Changes in the molecular size distribution and post-transfusion survival of hydroxyethyl starch 350/0.60 as influenced by a lower degree of hydroxyethylation: a study in normal man.

J M Mishler, C R Ricketts, E J Parkhouse
PMCID: PMC1146251  PMID: 6159372

Abstract

The need to provide a greater rate of colloid clearance from blood than is presently available with the long-acting dosage form of HES 450/0.70 prompted the clinical investigation of a new species of hydroxyethyl starch (HES) possessing a M-w of 350000 concomitant with a molar substitution of 0.60 (HES 350/0.60). The concentration of HES 350/0.60 in serum fell to half its peak value in 10.2 +/- 0.7 (SD) hour (in contrast to an IT50 of approximately 25 hours with HES 450/0.70).
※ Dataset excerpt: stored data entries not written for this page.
text \<open>An effect algebra on carrier \<open>E\<close>; the partial operation is given by the
orthogonality relation \<open>perp\<close> and a total function \<open>oplus\<close> that is only
meaningful on orthogonal pairs.\<close>
definition effect_algebra ::
  "'a set \<Rightarrow> ('a \<Rightarrow> 'a \<Rightarrow> bool) \<Rightarrow> ('a \<Rightarrow> 'a \<Rightarrow> 'a) \<Rightarrow> 'a \<Rightarrow> 'a \<Rightarrow> bool" where
  "effect_algebra E perp oplus zero one \<longleftrightarrow>
     zero \<in> E \<and> one \<in> E \<and>
     (\<forall>a\<in>E. \<forall>b\<in>E. perp a b \<longrightarrow> oplus a b \<in> E) \<and>
     (\<forall>a\<in>E. \<forall>b\<in>E. perp a b \<longrightarrow> perp b a \<and> oplus a b = oplus b a) \<and>
     (\<forall>a\<in>E. \<forall>b\<in>E. \<forall>c\<in>E. perp a b \<and> perp c (oplus a b) \<longrightarrow>
        perp b c \<and> perp a (oplus b c) \<and> oplus a (oplus b c) = oplus (oplus a b) c) \<and>
     (\<forall>a\<in>E. \<exists>!a'. a' \<in> E \<and> perp a' a \<and> oplus a a' = one) \<and>
     (\<forall>a\<in>E. perp a one \<longrightarrow> a = zero)"

end

theory Submission
  imports Defs
begin

text \<open>Commutativity and the uniqueness of complements are inherited from pointwise addition:
the complement of \<open>A\<close> can only be \<open>Z - A\<close>. For associativity, if \<open>A + (B + C)\<close> is a
sub-observable then so is \<open>B + C\<close>, because \<open>0 \<le> A(\<Delta>)\<close> gives
\<open>B(\<Delta>) + C(\<Delta>) \<le> A(\<Delta>) + B(\<Delta>) + C(\<Delta>) \<le> I\<close>. Finally, if \<open>A + Z\<close> is a sub-observable then
\<open>A(\<Omega>) + I \<le> I\<close>, so by additivity \<open>0 \<le> A(\<Delta>) \<le> A(\<Omega>) \<le> 0\<close> for every event \<open>\<Delta>\<close>; since \<open>H\<close> is
complex, an operator whose quadratic form vanishes is zero (polarization), hence \<open>A = 0\<close>.\<close>

lemma cinner_add_right: "cinner x (y + z) = cinner x y + cinner x (z::'a::complex_inner)"
  by (metis cinner_commute cinner_add_left complex_cnj_add)

lemma cinner_scaleC_right: "cinner x (scaleC c y) = c * cinner x (y::'a::complex_inner)"
  by (metis cinner_commute cinner_scaleC_left complex_cnj_mult complex_cnj_cnj)

lemma cinner_zero_right [simp]: "cinner x (0::'a::complex_inner) = 0"
  using cinner_add_right[of x 0 0] by simp

lemma clinear_op_eq_zero_if_cinner_self_zero:
  fixes T :: "'h::complex_inner \<Rightarrow> 'h"
  assumes lin: "clinear_op T" and zero: "\<And>\<phi>. cinner \<phi> (T \<phi>) = 0"
  shows "T = (\<lambda>_. 0)"
proof
  fix y
  have add: "T (u + v) = T u + T v" and scale: "T (scaleC c u) = scaleC c (T u)" for u v c
    using lin unfolding clinear_op_def by blast+
  have sym: "cinner x (T y) + cinner y (T x) = 0" for x y
    using zero[of "x + y"] zero[of x] zero[of y]
    by (simp add: add cinner_add_left cinner_add_right add.commute)
  have antisym: "cinner x (T y) - cinner y (T x) = 0" for x y
  proof -
    have "\<i> * cinner x (T y) + - \<i> * cinner y (T x) = 0"
      using sym[of x "scaleC \<i> y"]
      by (simp only: scale cinner_scaleC_right cinner_scaleC_left complex_cnj_i)
    then have "\<i> * (cinner x (T y) - cinner y (T x)) = 0"
      by (simp add: right_diff_distrib)
    then show ?thesis by simp
  qed
  have "cinner (T y) (T y) = 0"
    using sym[of "T y" y] antisym[of "T y" y] by (simp add: algebra_simps)
  then show "T y = 0" by (simp add: cinner_eq_zero_iff)
qed

lemma op_le_zero_iff: "op_le (\<lambda>_. 0) a \<longleftrightarrow> (\<forall>\<phi>. 0 \<le> cinner \<phi> (a \<phi>))"
  by (simp add: op_le_def)

lemma bounded_op_add:
  assumes "bounded_op f" "bounded_op g"
  shows "bounded_op (f + g)"
proof -
  from assms obtain K L where K: "\<And>x. norm (f x) \<le> norm x * K"
    and L: "\<And>x. norm (g x) \<le> norm x * L"
    unfolding bounded_op_def by blast
  have "norm ((f + g) x) \<le> norm x * (K + L)" for x
    using norm_triangle_ineq[of "f x" "g x"] K[of x] L[of x] by (simp add: distrib_left)
  moreover have "clinear_op (f + g)"
    using assms unfolding bounded_op_def clinear_op_def by (simp add: scaleC_add_right)
  ultimately show ?thesis unfolding bounded_op_def by blast
qed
Levels of glucose in serum remained elevated in normal fasted subjects after dosing, suggesting that catabolism of the infused HES 350/0.60 was occurring. Hydrolysis of residual HES 350/0.60 was confirmed by Sepharose CL-4B gel filtration analysis of material obtained from serum, showing continual production of smaller molecules relative to the injected solution (in contrast to HES 450/0.70, in which intermediate polymer fragments are recovered). Recovered HES 350/0.60 material displayed a Kav ranging between 0.74 and 0.72 and possessed a Stokes radius (r = 45A) similar to that of dextran 40 (M-w 41000). HES 350/0.69 appears to offer the same advantages as the currently available long-acting HES 450/0.70 but is removed from blood approximately twice as rapidly. This more rapid hydrolysis of HEs 350/0.60 may be useful, for example, in avoiding cumulative build-up of colloid in the blood of normal donors undergoing consecutive leucapheresis procedures.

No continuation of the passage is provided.